Aim of the exercise.
Return the lines below exactly, from the first one through the line that has "using that base_grown". Leave out everything after it.

★ ★ ★ ★

lemma grown_forest: "search_forest V E M grown"
proof (intro search_forest.intro search_forest_axioms.intro)
  show "matching_graph V E M" by (rule matching_graph_axioms)
  show "ev grown \<inter> od grown = {}"
    using even_odd_disjoint new_vertices mate_y unfolding grown_simps by auto
  show "base grown z \<in> ev grown" "base grown (base grown z) = base grown z" if "z \<in> ev grown" for z
    using that base_grown base_even base_idem unfolding grown_simps by auto
  show "opar grown u \<in> ev grown" if "u \<in> od grown" for u
    using that odd_parent_even x_even unfolding grown_simps by auto
  show "mate M u \<in> ev grown" "base grown (mate M u) = mate M u"
    if "u \<in> od grown" "matched M u" for u
    using that odd_mate_even odd_mate_base base_grown unfolding grown_simps by auto
  show "inS grown (mate M z)" if "inS grown z" "matched M z" for z
    using that mate_inS mate_y unfolding inS_grown by auto
  show "base grown z = base grown (mate M z)"
    if "z \<in> ev grown" "matched M z" "mate M z \<in> ev grown" for z
  proof -
    have "z \<noteq> mate M y" using that(3) mate_y new_vertices unfolding grown_simps by auto
    moreover have "mate M z \<noteq> mate M y"
    proof
      assume "mate M z = mate M y"
      then have "z = y" using mate_mate(1)[OF matching that(2)] mate_y(2) by metis
      then show False using that(1) \<open>z \<noteq> mate M y\<close> new_vertices unfolding grown_simps by simp
    qed
    ultimately show ?thesis
      using that even_mate_same_base base_grown unfolding grown_simps by simp
  qed
  show "z \<in> seen grown \<or> on_cp grown z" if "inS grown z" "\<not> matched M z" for z
    using that free_inS_handled y_matched mate_y unfolding inS_grown on_cp_def grown_simps by auto
  show "(B, B) \<notin> (bchild M grown)\<^sup>+" for B
    using bchild_acyclic bchild_grown_trancl_old bchild_grown_trancl_target new_vertices by blast
qed

lemma frames_grown: "set (stack grown) = {Call (mate M y), Scan x (R - {y})} \<union> set rest"
  unfolding grown_simps by simp

lemma compl_not_adjacent_new: "z \<in> compl s \<Longrightarrow> (z, y) \<notin> E - M \<and> (z, mate M y) \<notin> E - M"
  using compl_neighbour_inS y_new mate_y_new by blast

lemma frame_vertices_grown:
  "map frame_vertex (stack grown) = mate M y # map frame_vertex (stack s)"
  using top unfolding grown_simps by simp

lemma x_below_frames: "v \<in> frame_vertex ` set (stack s) \<Longrightarrow> (base s x, base s v) \<in> (bchild M s)\<^sup>*"
  using stack_descending top by auto

lemma grown_stack_descending:
  "sorted_wrt (\<lambda>a b. (base grown a, base grown b) \<in> (bchild M grown)\<^sup>*)
    (map frame_vertex (stack grown))"
proof -
  have old_even: "v \<in> ev s" if "v \<in> set (map frame_vertex (stack s))" for v
    using that frame_even by auto
  have "sorted_wrt (\<lambda>a b. (base grown a, base grown b) \<in> (bchild M grown)\<^sup>*)
    (map frame_vertex (stack s))"
    using stack_descending
    by (rule sorted_wrt_mono_rel[rotated])
      (use old_even base_grown bchild_grown_rtrancl_mono in auto)
  moreover have "(base grown (mate M y), base grown v) \<in> (bchild M grown)\<^sup>*"
    if "v \<in> set (map frame_vertex (stack s))" for v
  proof -
    have "(mate M y, base s x) \<in> bchild M grown" unfolding bchild_grown by simp
    moreover have "(base s x, base s v) \<in> (bchild M grown)\<^sup>*"
      using x_below_frames that bchild_grown_rtrancl_mono by auto
    ultimately show ?thesis using base_grown old_even that unfolding grown_simps by simp
  qed
  ultimately show ?thesis unfolding frame_vertices_grown by simp
qed

lemma grown_scanned_even_neighbour_above:
  assumes "stack grown = pre @ Scan w R' # post" "z \<in> ev grown" "(w, z) \<in> E - M" "z \<notin> R'"
    "z \<in> frame_vertex ` set pre"
  shows "base grown z = base grown w"
proof -
  have "map Call [mate M y] @ Scan x (R - {y}) # rest = pre @ Scan w R' # post"
    using assms(1) unfolding grown_simps by simp
  from split_stack_at_Scan[OF this] show ?thesis
  proof (elim disjE exE conjE)
  assume "pre = map Call [mate M y]" "w = x" "R' = R - {y}"
  then have "inS s (mate M y)"
    using scanned_neighbour_inS[OF x_scanning, of z] assms(3-5) mate_y(3) by auto
  then show ?thesis using mate_y_new by simp
next
  fix pre'
  assume pre': "pre = map Call [mate M y] @ Scan x (R - {y}) # pre'" "rest = pre' @ Scan w R' # post"
  then have old_stack: "stack s = (Scan x R # pre') @ Scan w R' # post" using top by simp
  then have "inS s z" using scanned_neighbour_inS[of w R' z] assms(3,4) by simp
  then have "z \<noteq> mate M y" using mate_y_new by auto
  then have "z \<in> ev s" "z \<in> frame_vertex ` set (Scan x R # pre')"
    using assms(2,5) pre'(1) unfolding grown_simps by auto
  then have "base s z = base s w"
    using scanned_even_neighbour_above[OF old_stack] assms(3,4) by blast
  moreover have "w \<in> ev s" using frame_even[of "Scan w R'"] old_stack by simp
  ultimately show ?thesis using base_grown \<open>z \<in> ev s\<close> by simp
qed
qed

lemma grown_scanned_odd_neighbour_above:
  assumes "stack grown = pre @ Scan w R' # post" "u \<in> od grown" "matched M u" "(w, u) \<in> E - M"
    "u \<notin> R'" "v \<in> frame_vertex ` set pre" "(mate M u, base grown v) \<in> (bchild M grown)\<^sup>+"
  shows "base grown v = base grown w"
proof -
  have "map Call [mate M y] @ Scan x (R - {y}) # rest = pre @ Scan w R' # post"
    using assms(1) unfolding grown_simps by simp
  from split_stack_at_Scan[OF this] show ?thesis
  proof (elim disjE exE conjE)
  assume "pre = map Call [mate M y]"
  then have "v = mate M y" using assms(6) by simp
  then show ?thesis
    using bchild_grown_trancl_target[OF assms(7)] new_vertices base_grown
    unfolding grown_simps by simp
next
  fix pre'
  assume pre': "pre = map Call [mate M y] @ Scan x (R - {y}) # pre'" "rest = pre' @ Scan w R' # post"
  then have old_stack: "stack s = (Scan x R # pre') @ Scan w R' # post" using top by simp
  then have "u \<noteq> y" using scanned_neighbour_inS[of w R' u] assms(4,5) y_new by auto
  then have u_odd: "u \<in> od s" using assms(2) unfolding grown_simps by simp
  have "base grown v \<in> ev s" using bchild_grown_trancl_target[OF assms(7)] .
  then have "v \<noteq> mate M y" using new_vertices unfolding grown_simps by auto
  then have v_old: "v \<in> frame_vertex ` set (Scan x R # pre')"
    using assms(6) pre'(1) by auto
  then have "v \<in> ev s" using frame_vertex_even old_stack by auto
  have "mate M u \<noteq> mate M y" using odd_mate_even[OF u_odd assms(3)] new_vertices by auto
  then have "(mate M u, base s v) \<in> (bchild M s)\<^sup>+"
    using bchild_grown_trancl_old assms(7) base_grown \<open>v \<in> ev s\<close> by simp
  then have "base s v = base s w"
    using scanned_odd_neighbour_above[OF old_stack u_odd assms(3,4,5) v_old] by blast
  moreover have "w \<in> ev s" using frame_even[of "Scan w R'"] old_stack by simp
  ultimately show ?thesis using base_grown \<open>v \<in> ev s\<close> by simp
qed
qed

lemma grown_compl_neighbour_below_active:
  assumes "z \<in> compl grown" "(z, w) \<in> E - M"
    "Call w \<in> set (stack grown) \<or> (\<exists>R'. Scan w R' \<in> set (stack grown) \<and> z \<in> R')"
  shows "(base grown z, base grown w) \<in> (bchild M grown)\<^sup>*"
proof -
  have z: "z \<in> compl s" "z \<in> ev s" using assms(1) compl_even grown_simps by auto
  have "w \<noteq> mate M y" using assms(2) compl_not_adjacent_new[OF z(1)] by auto
  then have "Call w \<in> set (stack s) \<or> (\<exists>R'. Scan w R' \<in> set (stack s) \<and> z \<in> R')"
    using assms(3) x_scanning rest_in_stack unfolding frames_grown by auto
  moreover from this have "w \<in> ev s" using frame_even by force
  ultimately show ?thesis
    using compl_neighbour_below_active[OF z(1) assms(2)] base_grown z(2) bchild_grown_rtrancl_mono
    by auto
qed

lemma grown_compl_odd_neighbour_below_frame:
  assumes "u \<in> od grown" "matched M u" "z \<in> compl grown" "(z, u) \<in> E - M"
    "v \<in> frame_vertex ` set (stack grown)" "(mate M u, base grown v) \<in> (bchild M grown)\<^sup>+"
  shows "(base grown z, base grown v) \<in> (bchild M grown)\<^sup>*"
proof -
  have z: "z \<in> compl s" "z \<in> ev s" using assms(3) compl_even grown_simps by auto
  have u: "u \<in> od s" using assms(1,4) compl_not_adjacent_new[OF z(1)] unfolding grown_simps by auto
  have "base grown v \<in> ev s" using bchild_grown_trancl_target[OF assms(6)] .
  then have "v \<noteq> mate M y" using new_vertices unfolding grown_simps by auto
  then have v: "v \<in> frame_vertex ` set (stack s)"
    using assms(5) frame_vertices_grown by (metis insert_iff list.simps(15) set_map)
  then have "v \<in> ev s" by (rule frame_vertex_even)
  have "mate M u \<noteq> mate M y" using odd_mate_even[OF u assms(2)] new_vertices by auto
  then have "(mate M u, base s v) \<in> (bchild M s)\<^sup>+"
    using bchild_grown_trancl_old assms(6) base_grown \<open>v \<in> ev s\<close> by simp
  then have "(base s z, base s v) \<in> (bchild M s)\<^sup>*"
    using compl_odd_neighbour_below_frame[OF u assms(2) z(1) assms(4) v] by blast
  then show ?thesis using base_grown z(2) \<open>v \<in> ev s\<close> bchild_grown_rtrancl_mono by auto
qed

lemma grown_invariants: "search_invariants V E M grown"
proof (intro search_invariants.intro search_invariants_axioms.intro grown_forest
    grown_stack_descending)
  show "z \<in> ev grown" if "z \<in> compl grown" for z
    using that compl_even unfolding grown_simps by simp
  show "frame_vertex g \<in> ev grown" if "g \<in> set (stack grown)" for g
    using that x_even frame_even[OF rest_in_stack] unfolding frames_grown grown_simps by auto
  show "(z, w) \<in> E - M" if "Scan z R' \<in> set (stack grown)" "w \<in> R'" for z R' w
    using that pending_edge[OF x_scanning] pending_edge[OF rest_in_stack]
    unfolding frames_grown by auto
  show "inS grown w" if "z \<in> compl grown" "(z, w) \<in> E - M" for z w
    using that compl_neighbour_inS unfolding inS_grown grown_simps by blast
  show "inS grown w" if "Scan z R' \<in> set (stack grown)" "(z, w) \<in> E - M" "w \<notin> R'" for z R' w
    using that scanned_neighbour_inS[OF x_scanning] scanned_neighbour_inS[OF rest_in_stack]
    unfolding frames_grown inS_grown by auto
  show "base grown z = base grown w \<or>
      w \<notin> compl grown \<and> (\<forall>R'. Scan w R' \<in> set (stack grown) \<longrightarrow> z \<in> R')"
    if "z \<in> compl grown" "(z, w) \<in> E - M" "w \<in> ev grown" for z w
  proof -
    have z: "z \<in> compl s" "z \<in> ev s" "z \<noteq> y"
      using that(1) compl_even new_vertices grown_simps by auto
    have "w \<in> ev s" using that(2,3) compl_not_adjacent_new[OF z(1)] unfolding grown_simps by auto
    then show ?thesis
      using compl_even_neighbour[OF z(1) that(2)] x_scanning rest_in_stack base_grown z
      unfolding frames_grown grown_simps by auto
  qed
qed (fact grown_compl_neighbour_below_active grown_compl_odd_neighbour_below_frame
    grown_scanned_even_neighbour_above grown_scanned_odd_neighbour_above)+

end


section \<open>The blossom step\<close>

locale blossom_step = scanning_step +
  fixes P us
  assumes y_even: "y \<in> ev s"
    and y_descendant: "(base s y, base s x) \<in> (bchild M s)\<^sup>+"
    and P_def: "P = {B. (base s y, B) \<in> (bchild M s)\<^sup>* \<and> (B, base s x) \<in> (bchild M s)\<^sup>+}"
    and us_P: "set us = mate M ` P"
begin

definition blossomed where
  "blossomed = s\<lparr>ev := ev s \<union> set us, od := od s - set us,
     base := (\<lambda>z. if (z \<in> ev s \<and> (base s z \<in> P \<or> base s z = base s x)) \<or> z \<in> set us
                   then base s x else base s z),
     stack := map Call us @ Scan x (R - {y}) # rest\<rparr>"

definition contract :: "'a \<Rightarrow> 'a" where
  "contract B = (if B \<in> P then base s x else B)"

★ ★ ★ ★

Result below.
lemma grown_forest: "search_forest V E M grown"
proof (intro search_forest.intro search_forest_axioms.intro)
  show "matching_graph V E M" by (rule matching_graph_axioms)
  show "ev grown \<inter> od grown = {}"
    using even_odd_disjoint new_vertices mate_y unfolding grown_simps by auto
  show "base grown z \<in> ev grown" "base grown (base grown z) = base grown z" if "z \<in> ev grown" for z
    using that base_grown base_even base_idem unfolding grown_simps by auto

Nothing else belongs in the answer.